Idea oli ennakkoon hyvä: vaatimatonta elämää Francon Espanjassa ja samaan aikaan lennetään ensimmäistä kertaa Kuuhun perille asti. Ei vain oikein innostanut - oliko (taas) liikaa murrosikäisen pojan kasvua hyvin suorasukaisin sanoin, liikaa sinänsä kiinnostavaa kuvausta vihannestarhuriperheen elämästä ja työstä vai mikä, en tiedä. Ja loppu oli jotenkin yllättävä, oliko tässä koko ajan vain muisteltu?
Me gustó el tema de la astronomía entrelazado con la vita da campesino de un pueblo de Andalucía, y con en el fondo los acontecimientos históricos de la guerra Civil en España y de lo que pasó a la gente en los 30 años que seguiron. Claro, es solamente un poco de contexto para quien no sabe mucho del periodo franquista.
Muchos pasajes y capítulos enteros son de cuatro estrellas. Creo que hay un exceso de páginas dedicadas a la aventura espacial (obsesión del chaval) y también del despertar sexual (pajillero obsesivo, como to...) que lastran y entorpecen la lectura. Pero mira Moby Dick, la mitad de los capítulos dedicados a las ballenas. Es lo que tiene lo obsesivo.
Esta es la historia de un niño que abandona su niñez en la España de finales de los 60. El franquismo, la Iglesia y el qué dirán chocan con las inquietudes del protagonista que, como Neil Amstrong poniendo un pie sobre la Luna, huirá de toda la tradición impuesta para poner un pie en la ciencia, el razonamiento y el autodescubrimiento.

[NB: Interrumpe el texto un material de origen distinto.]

section \<open>Big-step semantics (single procedure P); Bot is the error configuration\<close>

inductive exec :: "proc \<Rightarrow> stmt \<Rightarrow> conf \<Rightarrow> outcome \<Rightarrow> bool" for P where
  Skip: "exec P SSkip \<sigma> (Norm \<sigma>)"
| Assign: "eval (store \<sigma>) e = Some v \<Longrightarrow>
     exec P (SAssign x e) \<sigma> (Norm (\<sigma>\<lparr>store := (store \<sigma>)(x \<mapsto> v)\<rparr>))"
| AssignErr: "eval (store \<sigma>) e = None \<Longrightarrow> exec P (SAssign x e) \<sigma> Bot"
| Lookup: "\<lbrakk> store \<sigma> y = Some (RefV l); l \<in> allocd \<sigma>; heap \<sigma> (l, f) = Some v \<rbrakk> \<Longrightarrow>
     exec P (SLookup x y f) \<sigma> (Norm (\<sigma>\<lparr>store := (store \<sigma>)(x \<mapsto> v)\<rparr>))"
| LookupErr: "\<not> (\<exists>l v. store \<sigma> y = Some (RefV l) \<and> l \<in> allocd \<sigma> \<and> heap \<sigma> (l, f) = Some v) \<Longrightarrow>
     exec P (SLookup x y f) \<sigma> Bot"
| Mutate: "\<lbrakk> store \<sigma> y = Some (RefV l); l \<in> allocd \<sigma>; store \<sigma> z = Some v \<rbrakk> \<Longrightarrow>
     exec P (SMutate y f z) \<sigma> (Norm (\<sigma>\<lparr>heap := (heap \<sigma>)((l, f) \<mapsto> v)\<rparr>))"
| MutateErr: "\<not> (\<exists>l v. store \<sigma> y = Some (RefV l) \<and> l \<in> allocd \<sigma> \<and> store \<sigma> z = Some v) \<Longrightarrow>
     exec P (SMutate y f z) \<sigma> Bot"
| Alloc: "l \<notin> allocd \<sigma> \<Longrightarrow>
     exec P (SAlloc x) \<sigma> (Norm (\<sigma>\<lparr>store := (store \<sigma>)(x \<mapsto> RefV l), allocd := insert l (allocd \<sigma>)\<rparr>))"
| Call: "\<lbrakk> map (store \<sigma>) as = map Some vs; length as = length (params P);
           exec P (body P) (\<sigma>\<lparr>store := Map.empty(params P [\<mapsto>] vs)\<rparr>) out;
           out = Norm \<sigma>1 \<or> out = Ret \<sigma>1;
           map (store \<sigma>1) (results P) = map Some ws; length rs = length (results P) \<rbrakk> \<Longrightarrow>
     exec P (SCall rs as) \<sigma>
       (Norm (\<sigma>\<lparr>store := (store \<sigma>)(rs [\<mapsto>] ws), allocd := allocd \<sigma>1, heap := heap \<sigma>1\<rparr>))"
| CallArgErr: "\<not> (\<exists>vs. map (store \<sigma>) as = map Some vs \<and> length as = length (params P)) \<Longrightarrow>
     exec P (SCall rs as) \<sigma> Bot"
| CallBodyErr: "\<lbrakk> map (store \<sigma>) as = map Some vs; length as = length (params P);
           exec P (body P) (\<sigma>\<lparr>store := Map.empty(params P [\<mapsto>] vs)\<rparr>) Bot \<rbrakk> \<Longrightarrow>
     exec P (SCall rs as) \<sigma> Bot"
| CallResErr: "\<lbrakk> map (store \<sigma>) as = map Some vs; length as = length (params P);
           exec P (body P) (\<sigma>\<lparr>store := Map.empty(params P [\<mapsto>] vs)\<rparr>) out;
           out = Norm \<sigma>1 \<or> out = Ret \<sigma>1;
           \<not> (\<exists>ws. map (store \<sigma>1) (results P) = map Some ws) \<or> length rs \<noteq> length (results P) \<rbrakk> \<Longrightarrow>
     exec P (SCall rs as) \<sigma> Bot"
| AssumeT: "eval (store \<sigma>) e = Some (BoolV True) \<Longrightarrow> exec P (SAssume e) \<sigma> (Norm \<sigma>)"
| AssumeErr: "\<not> (\<exists>b. eval (store \<sigma>) e = Some (BoolV b)) \<Longrightarrow> exec P (SAssume e) \<sigma> Bot"
| Return: "exec P SReturn \<sigma> (Ret \<sigma>)"
| Seq: "\<lbrakk> exec P a \<sigma> (Norm \<sigma>'); exec P b \<sigma>' out \<rbrakk> \<Longrightarrow> exec P (SSeq a b) \<sigma> out"
| SeqAbrupt: "\<lbrakk> exec P a \<sigma> out; \<forall>\<sigma>'. out \<noteq> Norm \<sigma>' \<rbrakk> \<Longrightarrow> exec P (SSeq a b) \<sigma> out"
| IfT: "\<lbrakk> eval (store \<sigma>) e = Some (BoolV True); exec P a \<sigma> out \<rbrakk> \<Longrightarrow> exec P (SIf e a b) \<sigma> out"
| IfF: "\<lbrakk> eval (store \<sigma>) e = Some (BoolV False); exec P b \<sigma> out \<rbrakk> \<Longrightarrow> exec P (SIf e a b) \<sigma> out"
| IfErr: "\<not> (\<exists>b. eval (store \<sigma>) e = Some (BoolV b)) \<Longrightarrow> exec P (SIf e a b) \<sigma> Bot"
| WhileT: "\<lbrakk> eval (store \<sigma>) e = Some (BoolV True); exec P s \<sigma> (Norm \<sigma>');
             exec P (SWhile e s) \<sigma>' out \<rbrakk> \<Longrightarrow> exec P (SWhile e s) \<sigma> out"
| WhileAbrupt: "\<lbrakk> eval (store \<sigma>) e = Some (BoolV True); exec P s \<sigma> out; \<forall>\<sigma>'. out \<noteq> Norm \<sigma>' \<rbrakk> \<Longrightarrow>
     exec P (SWhile e s) \<sigma> out"
| WhileF: "eval (store \<sigma>) e = Some (BoolV False) \<Longrightarrow> exec P (SWhile e s) \<sigma> (Norm \<sigma>)"
| WhileErr: "\<not> (\<exists>b. eval (store \<sigma>) e = Some (BoolV b)) \<Longrightarrow> exec P (SWhile e s) \<sigma> Bot"

text \<open>Running the procedure from a configuration: result None is the error configuration Bot.\<close>
definition run :: "proc \<Rightarrow> conf \<Rightarrow> conf option \<Rightarrow> bool" where
  "run P \<sigma> r \<longleftrightarrow>
     (case r of None \<Rightarrow> exec P (body P) \<sigma> Bot
              | Some \<sigma>' \<Rightarrow> exec P (body P) \<sigma> (Norm \<sigma>') \<or> exec P (body P) \<sigma> (Ret \<sigma>'))"

section \<open>Ghost code (GV = ghost variables, GF = ghost fields)\<close>

fun pure_ghost :: "var set \<Rightarrow> fld set \<Rightarrow> stmt \<Rightarrow> bool" where
  "pure_ghost GV GF (SAssign x e) = (x \<in> GV)"
| "pure_ghost GV GF (SLookup x y f) = (x \<in> GV)"
| "pure_ghost GV GF (SMutate y f z) = (f \<in> GF \<and> z \<in> GV)"
| "pure_ghost GV GF SSkip = True"
| "pure_ghost GV GF (SSeq a b) = (pure_ghost GV GF a \<and> pure_ghost GV GF b)"
| "pure_ghost GV GF (SIf e a b) = (pure_ghost GV GF a \<and> pure_ghost GV GF b)"
| "pure_ghost GV GF (SWhile e s) = pure_ghost GV GF s"
| "pure_ghost GV GF _ = False"

text \<open>Augmented (user) statements; ps/rs are the formal parameters/results of the procedure.\<close>
fun aug :: "var set \<Rightarrow> fld set \<Rightarrow> var list \<Rightarrow> var list \<Rightarrow> stmt \<Rightarrow> bool" where
  "aug GV GF ps rs (SAssign x e) = (pure_ghost GV GF (SAssign x e) \<or> (x \<notin> GV \<and> evars e \<inter> GV = {}))"
| "aug GV GF ps rs (SLookup x y f) =
     (pure_ghost GV GF (SLookup x y f) \<or> (x \<notin> GV \<and> y \<notin> GV \<and> f \<notin> GF))"
| "aug GV GF ps rs (SMutate y f z) =
     (pure_ghost GV GF (SMutate y f z) \<or> (y \<notin> GV \<and> z \<notin> GV \<and> f \<notin> GF))"
| "aug GV GF ps rs (SAlloc x) = (x \<notin> GV)"
| "aug GV GF ps rs (SCall r a) =
     (length r = length rs \<and> length a = length ps \<and>
      (\<forall>i<length a. ps ! i \<notin> GV \<longrightarrow> a ! i \<notin> GV) \<and>
      (\<forall>i<length r. rs ! i \<in> GV \<longleftrightarrow> r ! i \<in> GV))"
| "aug GV GF ps rs SSkip = True"
| "aug GV GF ps rs (SAssume e) = (evars e \<inter> GV = {})"
| "aug GV GF ps rs SReturn = True"
| "aug GV GF ps rs (SSeq a b) =
     (pure_ghost GV GF (SSeq a b) \<or> (aug GV GF ps rs a \<and> aug GV GF ps rs b))"
| "aug GV GF ps rs (SIf e a b) =
     (pure_ghost GV GF (SIf e a b) \<or> (evars e \<inter> GV = {} \<and> aug GV GF ps rs a \<and> aug GV GF ps rs b))"
| "aug GV GF ps rs (SWhile e s) =
     (pure_ghost GV GF (SWhile e s) \<or> (evars e \<inter> GV = {} \<and> aug GV GF ps rs s))"

definition wf_proc :: "var set \<Rightarrow> fld set \<Rightarrow> proc \<Rightarrow> bool" where
  "wf_proc GV GF P \<longleftrightarrow> aug GV GF (params P) (results P) (body P)"

fun substmts :: "stmt \<Rightarrow> stmt set" where
  "substmts (SSeq a b) = insert (SSeq a b) (substmts a \<union> substmts b)"
| "substmts (SIf e a b) = insert (SIf e a b) (substmts a \<union> substmts b)"
| "substmts (SWhile e s) = insert (SWhile e s) (substmts s)"
| "substmts s = {s}"

definition ghost_loops_terminate :: "var set \<Rightarrow> fld set \<Rightarrow> proc \<Rightarrow> bool" where
  "ghost_loops_terminate GV GF P \<longleftrightarrow>
     (\<forall>e s. SWhile e s \<in> substmts (body P) \<and> pure_ghost GV GF (SWhile e s) \<longrightarrow>
        (\<forall>\<sigma>. \<exists>out. exec P (SWhile e s) \<sigma> out))"

definition proj_list :: "var set \<Rightarrow> var list \<Rightarrow> 'a list \<Rightarrow> 'a list" where
  "proj_list GV fs as = map snd (filter (\<lambda>(p, a). p \<notin> GV) (zip fs as))"

fun proj_stmt :: "var set \<Rightarrow> fld set \<Rightarrow> var list \<Rightarrow> var list \<Rightarrow> stmt \<Rightarrow> stmt" where
  "proj_stmt GV GF ps rs s =
    (if pure_ghost GV GF s then SSkip else
     (case s of
        SSeq a b \<Rightarrow> SSeq (proj_stmt GV GF ps rs a) (proj_stmt GV GF ps rs b)
      | SIf e a b \<Rightarrow> SIf e (proj_stmt GV GF ps rs a) (proj_stmt GV GF ps rs b)
      | SWhile e b \<Rightarrow> SWhile e (proj_stmt GV GF ps rs b)
      | SCall r a \<Rightarrow> SCall (proj_list GV rs r) (proj_list GV ps a)
      | _ \<Rightarrow> s))"

definition proj :: "var set \<Rightarrow> fld set \<Rightarrow> proc \<Rightarrow> proc" where
  "proj GV GF P =
     \<lparr> params = filter (\<lambda>p. p \<notin> GV) (params P),
       results = filter (\<lambda>p. p \<notin> GV) (results P),
       body = proj_stmt GV GF (params P) (results P) (body P) \<rparr>"

definition restrict :: "var set \<Rightarrow> fld set \<Rightarrow> conf \<Rightarrow> conf" where
  "restrict GV GF C =
     \<lparr> store = store C |` (- GV), allocd = allocd C, heap = heap C |` {p. snd p \<notin> GF} \<rparr>"

definition extends :: "var set \<Rightarrow> fld set \<Rightarrow> conf \<Rightarrow> conf \<Rightarrow> bool" where
  "extends GV GF C c \<longleftrightarrow> restrict GV GF C = c"

definition user_conf :: "var set \<Rightarrow> fld set \<Rightarrow> conf \<Rightarrow> bool" where
  "user_conf GV GF c \<longleftrightarrow> dom (store c) \<inter> GV = {} \<and> (\<forall>p \<in> dom (heap c). snd p \<notin> GF)
                           \<and> finite (allocd c)"

end

theory Submission
  imports Defs
begin

text \<open>Run M from C1 alongside the run of the projection from c1, by induction on the latter,
  keeping the invariant that the user part of M's configuration is the projection's
  configuration. User statements read and write no ghost variables or fields, so they take
  the same step on both sides; a call passes ghost arguments only to ghost parameters and
  receives ghost results only in ghost variables. Pure ghost code, which the projection
  replaces by skip, cannot return or call, terminates because ghost loops do, and writes
  only ghost state; so it either fails or preserves the invariant.\<close>

lemma substmts_refl: "s \<in> substmts s"
  by (cases s) auto

lemma substmts_trans: "s \<in> substmts t \<Longrightarrow> substmts s \<subseteq> substmts t"
  by (induction t) auto

lemma SSeq_in_substmtsD: "SSeq a b \<in> substmts t \<Longrightarrow> a \<in> substmts t \<and> b \<in> substmts t"
  using substmts_trans substmts_refl by fastforce

lemma SIf_in_substmtsD: "SIf e a b \<in> substmts t \<Longrightarrow> a \<in> substmts t \<and> b \<in> substmts t"
  using substmts_trans substmts_refl by fastforce

lemma SWhile_in_substmtsD: "SWhile e s \<in> substmts t \<Longrightarrow> s \<in> substmts t"
  using substmts_trans substmts_refl by fastforce

lemma exec_pure_ghost_restrict:
  "exec P s C out \<Longrightarrow> pure_ghost GV GF s \<Longrightarrow>
   out = Bot \<or> (\<exists>C'. out = Norm C' \<and> restrict GV GF C' = restrict GV GF C)"
  by (induction rule: exec.induct) (auto simp: restrict_def)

Qué durísima la España de la posguerra, y es que no acaba hasta la muerte del dictador. Es 1969 y a través de los ojos de un adolescente en un medio rural comprendemos esa época que tantas luces y sombras tuvo, porque no basta con abundar en lo negativo, que lo hay, es importante darse cuenta de cómo también existía una cercanía entre personas, familias, vecinos que con los años se perdió.
De 10 cómo se combinan elementos en esta novela: la vida rural y la carrera espacial. La nostalgia y la dureza. La infancia y la adolescencia. Todo mientras la modernidad penetra poco a poco, como un invasor, en las callejas de un pueblo de Jaén.
Dicen que "El jinete polaco" es un buen libro de éste autor, peor El viento de La luna es tan mediocre que no me voy a aventurar. El escuchar la narrativa del alunizaje de 1969 visto a través de los ojos de un pueblo infecto en el medio de la nada española tiene su encanto. pero hasta ahí da el libro. Costumbrista, con ciertos intentos de denunciar a la españa franquista pueblerina. Pero su obsesión con la marginalidad del adolescente, y sus masturbaciones es realmente excesiva. Novela pobre, como el entorno en el que se desarrolla, y un tanto mediocre, como su personaje principal. Raro, porque las otras recomendaciones de la amiga de Victoria resultaron muy acertadas (crímenes imperceptibles, Oscar Wao)
Me ha gustado mucho. Viajar en el espacio con una actitud materialista y poética en partes iguales, como de panteísmo científico. Ver enfrente las conexiones del Universo entre la Luna y la España franquista. Pajas adolescentes en un rancho a mal traer en un pueblo perdido, pero con la chispeza de un mundo interior significativo, la curiosidad, la renuncia al catolicismo rancio y la incomprensión de la familia. En ocasiones resultó cansino de leer, pero el resultado es querible, como alguien más comentó.
Especie de memorias noveladas, la historia transcurre mientras se lanza el Apolo XI y Armstrong pisa la Luna. En la Tierra, en Andalucía, en Mágina, las familias tratan de salir adelante conviviendo con el pasado y esperando mejor futuro.
Es sencillamente cercano, al punto que es fácil que nos reconozcamos en más de una ocasión. Divertido y crítico con respeto y ternura: son los suyos.